## Given records
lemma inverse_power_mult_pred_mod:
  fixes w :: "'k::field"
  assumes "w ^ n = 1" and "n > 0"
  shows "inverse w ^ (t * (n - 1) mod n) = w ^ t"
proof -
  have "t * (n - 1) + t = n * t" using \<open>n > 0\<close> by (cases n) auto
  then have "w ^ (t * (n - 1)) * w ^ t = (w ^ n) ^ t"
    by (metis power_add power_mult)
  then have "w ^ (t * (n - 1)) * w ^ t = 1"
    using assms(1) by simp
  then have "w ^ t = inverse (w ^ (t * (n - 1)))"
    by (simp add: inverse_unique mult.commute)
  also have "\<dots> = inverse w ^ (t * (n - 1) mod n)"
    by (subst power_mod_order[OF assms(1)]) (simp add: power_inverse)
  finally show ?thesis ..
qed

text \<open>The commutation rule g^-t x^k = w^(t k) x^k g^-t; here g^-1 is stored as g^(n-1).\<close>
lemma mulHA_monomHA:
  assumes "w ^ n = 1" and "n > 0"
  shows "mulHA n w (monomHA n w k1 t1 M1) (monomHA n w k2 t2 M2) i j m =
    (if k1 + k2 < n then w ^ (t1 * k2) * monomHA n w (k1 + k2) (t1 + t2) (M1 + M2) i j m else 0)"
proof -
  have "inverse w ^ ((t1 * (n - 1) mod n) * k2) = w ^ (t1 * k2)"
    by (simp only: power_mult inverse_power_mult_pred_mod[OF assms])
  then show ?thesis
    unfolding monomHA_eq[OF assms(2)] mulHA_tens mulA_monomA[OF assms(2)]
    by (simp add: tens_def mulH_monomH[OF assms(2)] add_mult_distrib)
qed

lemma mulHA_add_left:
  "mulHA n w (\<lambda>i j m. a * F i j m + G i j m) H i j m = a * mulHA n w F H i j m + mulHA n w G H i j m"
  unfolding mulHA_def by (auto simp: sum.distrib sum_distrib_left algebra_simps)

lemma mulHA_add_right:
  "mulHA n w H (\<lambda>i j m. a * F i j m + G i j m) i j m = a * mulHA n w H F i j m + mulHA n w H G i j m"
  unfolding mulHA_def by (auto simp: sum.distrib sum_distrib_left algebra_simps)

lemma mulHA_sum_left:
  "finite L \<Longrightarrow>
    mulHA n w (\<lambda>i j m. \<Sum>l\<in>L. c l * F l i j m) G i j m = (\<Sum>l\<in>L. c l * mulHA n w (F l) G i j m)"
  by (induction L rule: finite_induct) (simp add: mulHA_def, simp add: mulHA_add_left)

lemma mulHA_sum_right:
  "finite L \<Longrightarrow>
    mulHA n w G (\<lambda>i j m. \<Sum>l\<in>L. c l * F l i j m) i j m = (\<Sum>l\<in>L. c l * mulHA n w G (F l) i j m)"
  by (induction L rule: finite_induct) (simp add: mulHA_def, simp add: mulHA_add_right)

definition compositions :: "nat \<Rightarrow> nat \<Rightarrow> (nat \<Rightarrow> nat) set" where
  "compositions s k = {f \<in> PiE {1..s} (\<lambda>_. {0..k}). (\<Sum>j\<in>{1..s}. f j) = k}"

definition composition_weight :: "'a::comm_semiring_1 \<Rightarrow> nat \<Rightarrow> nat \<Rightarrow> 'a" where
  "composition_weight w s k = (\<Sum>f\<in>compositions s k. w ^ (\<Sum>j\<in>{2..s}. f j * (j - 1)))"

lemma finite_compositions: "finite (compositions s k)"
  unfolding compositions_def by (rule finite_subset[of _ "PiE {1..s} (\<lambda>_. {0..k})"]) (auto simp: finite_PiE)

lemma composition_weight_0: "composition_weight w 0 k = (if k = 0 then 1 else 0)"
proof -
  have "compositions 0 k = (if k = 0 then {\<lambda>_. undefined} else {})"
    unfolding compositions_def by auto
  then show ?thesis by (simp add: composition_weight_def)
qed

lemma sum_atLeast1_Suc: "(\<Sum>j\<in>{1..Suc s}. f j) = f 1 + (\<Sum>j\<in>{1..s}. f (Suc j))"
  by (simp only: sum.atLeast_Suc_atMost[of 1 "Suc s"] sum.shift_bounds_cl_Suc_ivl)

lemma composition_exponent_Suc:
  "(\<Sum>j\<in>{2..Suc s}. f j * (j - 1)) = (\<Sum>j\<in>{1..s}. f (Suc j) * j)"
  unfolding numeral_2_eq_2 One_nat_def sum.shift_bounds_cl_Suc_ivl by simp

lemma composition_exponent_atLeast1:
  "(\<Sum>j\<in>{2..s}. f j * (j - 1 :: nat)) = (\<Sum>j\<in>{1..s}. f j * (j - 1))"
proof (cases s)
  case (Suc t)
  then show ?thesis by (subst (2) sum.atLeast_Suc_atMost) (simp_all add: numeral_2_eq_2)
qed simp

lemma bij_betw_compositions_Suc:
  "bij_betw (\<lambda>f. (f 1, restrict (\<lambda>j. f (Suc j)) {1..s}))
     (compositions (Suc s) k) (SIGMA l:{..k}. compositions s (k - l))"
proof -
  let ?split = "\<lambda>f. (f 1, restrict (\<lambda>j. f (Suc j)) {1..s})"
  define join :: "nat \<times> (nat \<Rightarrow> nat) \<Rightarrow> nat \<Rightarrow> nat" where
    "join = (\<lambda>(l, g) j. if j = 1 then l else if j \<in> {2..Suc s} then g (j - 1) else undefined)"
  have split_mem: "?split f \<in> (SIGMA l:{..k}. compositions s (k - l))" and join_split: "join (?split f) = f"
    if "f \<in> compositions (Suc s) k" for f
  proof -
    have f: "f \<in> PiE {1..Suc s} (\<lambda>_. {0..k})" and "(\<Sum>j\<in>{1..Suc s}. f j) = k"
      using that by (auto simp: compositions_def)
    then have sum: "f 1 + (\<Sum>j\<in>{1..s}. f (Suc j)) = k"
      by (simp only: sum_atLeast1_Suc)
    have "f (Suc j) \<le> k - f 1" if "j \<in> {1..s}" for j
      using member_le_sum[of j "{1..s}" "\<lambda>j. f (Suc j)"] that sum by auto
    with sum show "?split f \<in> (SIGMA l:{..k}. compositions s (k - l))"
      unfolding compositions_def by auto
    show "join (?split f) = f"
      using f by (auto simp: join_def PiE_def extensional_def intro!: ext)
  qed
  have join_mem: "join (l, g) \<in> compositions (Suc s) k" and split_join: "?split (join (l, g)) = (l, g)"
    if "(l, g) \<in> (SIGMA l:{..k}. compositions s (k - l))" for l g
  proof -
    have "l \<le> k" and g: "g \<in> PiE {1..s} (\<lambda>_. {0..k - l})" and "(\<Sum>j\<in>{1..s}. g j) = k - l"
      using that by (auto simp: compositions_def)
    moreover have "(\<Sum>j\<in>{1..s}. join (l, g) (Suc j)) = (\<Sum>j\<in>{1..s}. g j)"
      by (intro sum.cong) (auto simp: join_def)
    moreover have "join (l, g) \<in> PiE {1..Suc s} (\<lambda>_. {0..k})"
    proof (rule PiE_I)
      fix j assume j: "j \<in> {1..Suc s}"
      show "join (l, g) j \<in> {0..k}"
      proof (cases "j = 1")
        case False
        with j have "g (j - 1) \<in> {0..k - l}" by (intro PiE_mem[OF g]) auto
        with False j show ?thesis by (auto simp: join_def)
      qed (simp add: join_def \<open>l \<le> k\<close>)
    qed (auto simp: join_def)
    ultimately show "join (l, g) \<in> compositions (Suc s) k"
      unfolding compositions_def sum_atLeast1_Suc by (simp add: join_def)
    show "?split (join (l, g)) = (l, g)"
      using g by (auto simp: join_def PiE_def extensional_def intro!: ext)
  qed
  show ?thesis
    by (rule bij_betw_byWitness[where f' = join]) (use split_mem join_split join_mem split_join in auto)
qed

--

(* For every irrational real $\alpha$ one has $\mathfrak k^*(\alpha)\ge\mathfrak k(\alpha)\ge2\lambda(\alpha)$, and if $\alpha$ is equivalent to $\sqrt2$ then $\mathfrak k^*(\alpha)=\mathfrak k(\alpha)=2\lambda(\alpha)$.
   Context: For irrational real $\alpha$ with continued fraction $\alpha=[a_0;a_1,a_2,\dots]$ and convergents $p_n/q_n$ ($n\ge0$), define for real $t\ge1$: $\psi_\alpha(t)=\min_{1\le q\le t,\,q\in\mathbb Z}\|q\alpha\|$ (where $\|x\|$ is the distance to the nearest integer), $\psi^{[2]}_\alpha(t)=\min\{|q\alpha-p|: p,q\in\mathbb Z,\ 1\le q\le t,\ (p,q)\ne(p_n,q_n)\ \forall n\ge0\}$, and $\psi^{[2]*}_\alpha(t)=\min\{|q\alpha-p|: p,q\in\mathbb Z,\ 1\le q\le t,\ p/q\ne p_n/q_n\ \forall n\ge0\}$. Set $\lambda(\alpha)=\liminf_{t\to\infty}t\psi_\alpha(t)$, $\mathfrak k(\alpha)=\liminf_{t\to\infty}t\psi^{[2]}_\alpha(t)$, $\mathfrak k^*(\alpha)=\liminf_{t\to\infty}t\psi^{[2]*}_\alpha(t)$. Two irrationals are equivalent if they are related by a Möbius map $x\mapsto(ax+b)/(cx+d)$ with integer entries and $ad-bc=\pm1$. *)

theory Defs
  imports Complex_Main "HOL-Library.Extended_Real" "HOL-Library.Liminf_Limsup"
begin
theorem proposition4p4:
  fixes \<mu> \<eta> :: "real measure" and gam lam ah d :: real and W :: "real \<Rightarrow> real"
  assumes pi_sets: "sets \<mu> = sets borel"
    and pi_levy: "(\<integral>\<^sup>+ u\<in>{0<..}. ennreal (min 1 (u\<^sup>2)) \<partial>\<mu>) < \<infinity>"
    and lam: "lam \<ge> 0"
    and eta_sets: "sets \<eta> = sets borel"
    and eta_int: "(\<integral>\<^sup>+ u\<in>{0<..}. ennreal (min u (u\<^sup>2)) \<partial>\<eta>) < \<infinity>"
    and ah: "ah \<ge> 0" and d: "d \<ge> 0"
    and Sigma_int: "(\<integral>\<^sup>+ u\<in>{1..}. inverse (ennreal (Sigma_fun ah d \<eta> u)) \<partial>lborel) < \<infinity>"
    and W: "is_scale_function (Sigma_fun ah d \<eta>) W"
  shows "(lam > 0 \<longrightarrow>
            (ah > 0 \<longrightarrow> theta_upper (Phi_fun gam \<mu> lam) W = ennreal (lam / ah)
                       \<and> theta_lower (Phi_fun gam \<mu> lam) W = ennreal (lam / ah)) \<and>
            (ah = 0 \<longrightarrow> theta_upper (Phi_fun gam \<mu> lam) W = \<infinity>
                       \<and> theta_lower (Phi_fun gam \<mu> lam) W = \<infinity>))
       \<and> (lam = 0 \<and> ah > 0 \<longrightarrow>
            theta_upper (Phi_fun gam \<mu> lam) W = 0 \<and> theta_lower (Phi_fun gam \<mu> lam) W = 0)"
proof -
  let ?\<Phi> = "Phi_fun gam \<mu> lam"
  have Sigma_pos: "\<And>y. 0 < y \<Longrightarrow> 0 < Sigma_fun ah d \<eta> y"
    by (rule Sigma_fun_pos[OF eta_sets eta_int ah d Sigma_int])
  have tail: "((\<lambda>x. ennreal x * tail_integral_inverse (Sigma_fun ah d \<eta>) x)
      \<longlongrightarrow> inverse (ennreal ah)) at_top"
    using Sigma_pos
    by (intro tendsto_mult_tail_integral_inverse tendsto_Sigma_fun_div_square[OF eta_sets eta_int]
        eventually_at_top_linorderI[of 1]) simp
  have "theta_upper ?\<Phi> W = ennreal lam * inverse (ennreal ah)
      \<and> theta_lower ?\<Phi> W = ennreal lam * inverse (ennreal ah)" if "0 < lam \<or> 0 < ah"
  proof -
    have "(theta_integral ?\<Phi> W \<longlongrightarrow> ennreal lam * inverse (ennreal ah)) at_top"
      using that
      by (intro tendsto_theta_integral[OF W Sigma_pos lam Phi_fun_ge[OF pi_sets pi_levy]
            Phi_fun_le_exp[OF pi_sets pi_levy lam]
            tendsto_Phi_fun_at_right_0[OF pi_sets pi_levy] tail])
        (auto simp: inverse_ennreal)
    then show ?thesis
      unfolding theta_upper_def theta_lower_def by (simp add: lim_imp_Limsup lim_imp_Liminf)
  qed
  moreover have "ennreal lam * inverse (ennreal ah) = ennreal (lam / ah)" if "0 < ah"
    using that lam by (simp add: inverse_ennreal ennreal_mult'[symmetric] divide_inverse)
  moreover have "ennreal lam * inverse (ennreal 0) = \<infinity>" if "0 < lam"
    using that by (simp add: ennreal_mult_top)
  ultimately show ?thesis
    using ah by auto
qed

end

==

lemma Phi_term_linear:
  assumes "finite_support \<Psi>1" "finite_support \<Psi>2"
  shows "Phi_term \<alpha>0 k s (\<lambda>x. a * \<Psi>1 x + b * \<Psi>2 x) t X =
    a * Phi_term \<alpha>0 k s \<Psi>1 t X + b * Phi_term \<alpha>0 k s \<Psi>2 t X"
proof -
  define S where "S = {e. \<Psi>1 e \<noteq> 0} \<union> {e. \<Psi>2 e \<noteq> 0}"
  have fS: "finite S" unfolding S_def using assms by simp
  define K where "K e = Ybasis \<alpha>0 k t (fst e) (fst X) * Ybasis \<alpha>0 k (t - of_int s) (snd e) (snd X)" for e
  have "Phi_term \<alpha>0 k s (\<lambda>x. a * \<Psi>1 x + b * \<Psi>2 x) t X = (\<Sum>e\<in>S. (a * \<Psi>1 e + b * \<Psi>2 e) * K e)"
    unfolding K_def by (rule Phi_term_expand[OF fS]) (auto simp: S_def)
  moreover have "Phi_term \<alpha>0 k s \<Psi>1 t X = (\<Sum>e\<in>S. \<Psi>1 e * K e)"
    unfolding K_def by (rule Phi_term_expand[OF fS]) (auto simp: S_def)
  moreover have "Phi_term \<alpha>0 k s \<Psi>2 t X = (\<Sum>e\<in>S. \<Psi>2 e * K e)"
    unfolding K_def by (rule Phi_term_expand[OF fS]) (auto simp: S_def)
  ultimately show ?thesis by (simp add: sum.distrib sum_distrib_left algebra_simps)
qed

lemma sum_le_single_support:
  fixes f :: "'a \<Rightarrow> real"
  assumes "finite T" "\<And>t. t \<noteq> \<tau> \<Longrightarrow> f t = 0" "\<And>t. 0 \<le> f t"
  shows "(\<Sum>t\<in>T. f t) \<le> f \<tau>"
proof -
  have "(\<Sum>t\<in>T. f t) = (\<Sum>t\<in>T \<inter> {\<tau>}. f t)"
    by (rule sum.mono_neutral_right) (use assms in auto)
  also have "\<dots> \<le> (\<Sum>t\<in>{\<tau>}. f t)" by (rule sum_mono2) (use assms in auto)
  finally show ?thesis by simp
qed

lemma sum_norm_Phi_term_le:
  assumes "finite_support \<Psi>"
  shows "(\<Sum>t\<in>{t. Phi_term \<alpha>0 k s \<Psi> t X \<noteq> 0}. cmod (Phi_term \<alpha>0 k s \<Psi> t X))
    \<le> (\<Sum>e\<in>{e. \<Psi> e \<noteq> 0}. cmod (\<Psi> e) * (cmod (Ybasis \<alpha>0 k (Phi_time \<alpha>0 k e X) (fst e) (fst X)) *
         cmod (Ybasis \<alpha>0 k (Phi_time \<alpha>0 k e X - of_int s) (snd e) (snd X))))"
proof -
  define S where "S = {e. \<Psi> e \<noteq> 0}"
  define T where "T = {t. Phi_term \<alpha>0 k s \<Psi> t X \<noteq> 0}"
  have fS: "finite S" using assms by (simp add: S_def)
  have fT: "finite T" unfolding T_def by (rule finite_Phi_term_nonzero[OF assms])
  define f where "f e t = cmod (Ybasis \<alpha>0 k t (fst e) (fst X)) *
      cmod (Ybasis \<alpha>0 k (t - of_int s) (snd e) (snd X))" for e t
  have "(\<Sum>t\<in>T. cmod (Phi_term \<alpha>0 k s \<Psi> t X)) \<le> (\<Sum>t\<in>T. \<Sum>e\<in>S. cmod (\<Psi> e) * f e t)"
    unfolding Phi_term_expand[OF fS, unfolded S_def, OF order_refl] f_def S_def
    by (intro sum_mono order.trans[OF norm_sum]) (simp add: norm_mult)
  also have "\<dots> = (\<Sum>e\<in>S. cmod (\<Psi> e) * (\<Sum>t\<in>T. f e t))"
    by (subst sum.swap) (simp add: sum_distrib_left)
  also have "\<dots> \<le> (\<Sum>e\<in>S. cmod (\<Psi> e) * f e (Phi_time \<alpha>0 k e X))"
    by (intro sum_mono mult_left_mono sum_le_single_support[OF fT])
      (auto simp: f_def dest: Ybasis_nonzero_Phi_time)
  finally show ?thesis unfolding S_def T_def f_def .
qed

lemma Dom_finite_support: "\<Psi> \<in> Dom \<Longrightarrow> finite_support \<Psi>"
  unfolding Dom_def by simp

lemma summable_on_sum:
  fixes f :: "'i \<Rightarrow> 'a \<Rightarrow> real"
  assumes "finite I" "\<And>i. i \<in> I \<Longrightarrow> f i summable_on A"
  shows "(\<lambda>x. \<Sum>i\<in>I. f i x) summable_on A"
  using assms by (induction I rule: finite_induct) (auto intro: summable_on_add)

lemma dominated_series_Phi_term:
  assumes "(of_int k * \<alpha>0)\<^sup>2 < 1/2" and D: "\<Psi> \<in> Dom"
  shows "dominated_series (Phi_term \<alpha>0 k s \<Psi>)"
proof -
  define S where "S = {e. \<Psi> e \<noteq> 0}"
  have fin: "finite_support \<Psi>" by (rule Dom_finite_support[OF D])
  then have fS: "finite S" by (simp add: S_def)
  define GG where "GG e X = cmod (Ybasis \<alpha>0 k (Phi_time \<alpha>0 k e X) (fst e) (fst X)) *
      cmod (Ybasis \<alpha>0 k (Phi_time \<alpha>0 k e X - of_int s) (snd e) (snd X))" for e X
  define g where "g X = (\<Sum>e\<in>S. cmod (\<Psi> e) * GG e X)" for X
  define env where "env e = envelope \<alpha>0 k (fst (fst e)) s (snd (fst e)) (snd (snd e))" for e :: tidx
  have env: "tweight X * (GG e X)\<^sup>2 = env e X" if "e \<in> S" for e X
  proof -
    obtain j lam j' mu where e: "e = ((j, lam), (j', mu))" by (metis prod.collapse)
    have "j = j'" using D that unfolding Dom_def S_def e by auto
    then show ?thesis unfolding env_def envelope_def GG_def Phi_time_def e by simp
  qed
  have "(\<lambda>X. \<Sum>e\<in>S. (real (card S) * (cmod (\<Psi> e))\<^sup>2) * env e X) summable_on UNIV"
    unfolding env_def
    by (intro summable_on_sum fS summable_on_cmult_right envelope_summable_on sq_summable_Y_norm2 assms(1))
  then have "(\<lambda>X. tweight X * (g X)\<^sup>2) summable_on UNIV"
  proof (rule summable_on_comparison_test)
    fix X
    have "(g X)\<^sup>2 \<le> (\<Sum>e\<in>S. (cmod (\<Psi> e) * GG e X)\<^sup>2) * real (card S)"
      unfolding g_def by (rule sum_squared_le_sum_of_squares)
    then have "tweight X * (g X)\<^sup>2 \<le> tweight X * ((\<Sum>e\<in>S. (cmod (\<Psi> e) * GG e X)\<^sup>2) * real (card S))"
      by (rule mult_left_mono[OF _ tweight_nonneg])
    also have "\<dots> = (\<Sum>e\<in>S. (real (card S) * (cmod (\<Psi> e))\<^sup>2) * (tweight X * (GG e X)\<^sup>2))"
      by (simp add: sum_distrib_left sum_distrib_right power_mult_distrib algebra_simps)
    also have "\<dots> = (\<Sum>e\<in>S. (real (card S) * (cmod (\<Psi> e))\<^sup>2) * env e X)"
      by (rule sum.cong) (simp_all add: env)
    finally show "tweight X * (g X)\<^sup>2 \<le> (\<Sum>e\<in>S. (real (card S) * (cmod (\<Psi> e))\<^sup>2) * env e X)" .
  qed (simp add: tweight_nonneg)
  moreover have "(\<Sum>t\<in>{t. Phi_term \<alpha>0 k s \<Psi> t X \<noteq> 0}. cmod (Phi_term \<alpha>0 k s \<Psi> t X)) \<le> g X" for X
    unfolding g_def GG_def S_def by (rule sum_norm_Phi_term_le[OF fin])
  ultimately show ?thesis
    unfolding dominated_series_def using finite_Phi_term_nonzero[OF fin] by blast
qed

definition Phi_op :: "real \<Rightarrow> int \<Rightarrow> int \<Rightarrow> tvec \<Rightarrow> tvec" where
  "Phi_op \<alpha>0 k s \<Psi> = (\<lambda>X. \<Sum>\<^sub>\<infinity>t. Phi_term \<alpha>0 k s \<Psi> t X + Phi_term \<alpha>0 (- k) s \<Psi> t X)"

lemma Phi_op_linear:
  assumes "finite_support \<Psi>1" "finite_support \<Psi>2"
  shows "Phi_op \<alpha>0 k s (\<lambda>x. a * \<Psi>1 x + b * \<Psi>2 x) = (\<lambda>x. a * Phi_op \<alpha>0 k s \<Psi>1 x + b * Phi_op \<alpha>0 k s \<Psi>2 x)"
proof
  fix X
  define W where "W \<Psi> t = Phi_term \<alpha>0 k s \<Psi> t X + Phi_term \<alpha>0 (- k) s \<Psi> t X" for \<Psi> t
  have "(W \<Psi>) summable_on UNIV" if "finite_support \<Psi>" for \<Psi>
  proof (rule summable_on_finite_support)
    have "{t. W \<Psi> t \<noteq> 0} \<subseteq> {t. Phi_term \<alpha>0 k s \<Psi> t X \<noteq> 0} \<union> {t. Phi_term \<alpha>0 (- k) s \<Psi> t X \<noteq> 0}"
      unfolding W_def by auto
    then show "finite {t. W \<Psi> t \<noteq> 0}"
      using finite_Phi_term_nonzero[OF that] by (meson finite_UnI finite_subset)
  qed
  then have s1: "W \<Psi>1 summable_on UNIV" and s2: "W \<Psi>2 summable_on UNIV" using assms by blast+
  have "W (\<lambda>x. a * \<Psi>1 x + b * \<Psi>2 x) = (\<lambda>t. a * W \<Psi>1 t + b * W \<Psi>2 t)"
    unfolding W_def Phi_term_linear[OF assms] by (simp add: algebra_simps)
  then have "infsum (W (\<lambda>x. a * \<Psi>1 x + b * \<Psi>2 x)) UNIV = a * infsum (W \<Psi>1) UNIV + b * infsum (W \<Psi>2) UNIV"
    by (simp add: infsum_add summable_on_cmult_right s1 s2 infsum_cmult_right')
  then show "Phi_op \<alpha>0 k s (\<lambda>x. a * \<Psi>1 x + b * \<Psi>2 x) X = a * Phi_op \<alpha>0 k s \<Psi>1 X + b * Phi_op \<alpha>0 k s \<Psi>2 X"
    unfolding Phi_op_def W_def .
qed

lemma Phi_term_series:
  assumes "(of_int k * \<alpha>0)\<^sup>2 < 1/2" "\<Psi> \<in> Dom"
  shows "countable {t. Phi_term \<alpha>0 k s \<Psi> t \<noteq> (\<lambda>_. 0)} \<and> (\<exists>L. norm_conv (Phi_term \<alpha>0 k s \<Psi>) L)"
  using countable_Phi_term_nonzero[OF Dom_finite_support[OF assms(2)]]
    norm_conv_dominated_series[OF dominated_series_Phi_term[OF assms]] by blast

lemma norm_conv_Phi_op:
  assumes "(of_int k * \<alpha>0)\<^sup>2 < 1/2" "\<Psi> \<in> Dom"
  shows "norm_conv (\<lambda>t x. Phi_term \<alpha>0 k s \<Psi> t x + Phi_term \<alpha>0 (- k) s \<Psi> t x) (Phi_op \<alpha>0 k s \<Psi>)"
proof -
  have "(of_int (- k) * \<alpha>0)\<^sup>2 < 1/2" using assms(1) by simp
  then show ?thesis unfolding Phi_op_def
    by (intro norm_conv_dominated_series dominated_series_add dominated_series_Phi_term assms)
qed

## Work request
Take from the entries every line that has the string "card".

## Answer box
  have "(\<lambda>X. \<Sum>e\<in>S. (real (card S) * (cmod (\<Psi> e))\<^sup>2) * env e X) summable_on UNIV"
    have "(g X)\<^sup>2 \<le> (\<Sum>e\<in>S. (cmod (\<Psi> e) * GG e X)\<^sup>2) * real (card S)"
    then have "tweight X * (g X)\<^sup>2 \<le> tweight X * ((\<Sum>e\<in>S. (cmod (\<Psi> e) * GG e X)\<^sup>2) * real (card S))"
    also have "\<dots> = (\<Sum>e\<in>S. (real (card S) * (cmod (\<Psi> e))\<^sup>2) * (tweight X * (GG e X)\<^sup>2))"
    also have "\<dots> = (\<Sum>e\<in>S. (real (card S) * (cmod (\<Psi> e))\<^sup>2) * env e X)"
    finally show "tweight X * (g X)\<^sup>2 \<le> (\<Sum>e\<in>S. (real (card S) * (cmod (\<Psi> e))\<^sup>2) * env e X)" .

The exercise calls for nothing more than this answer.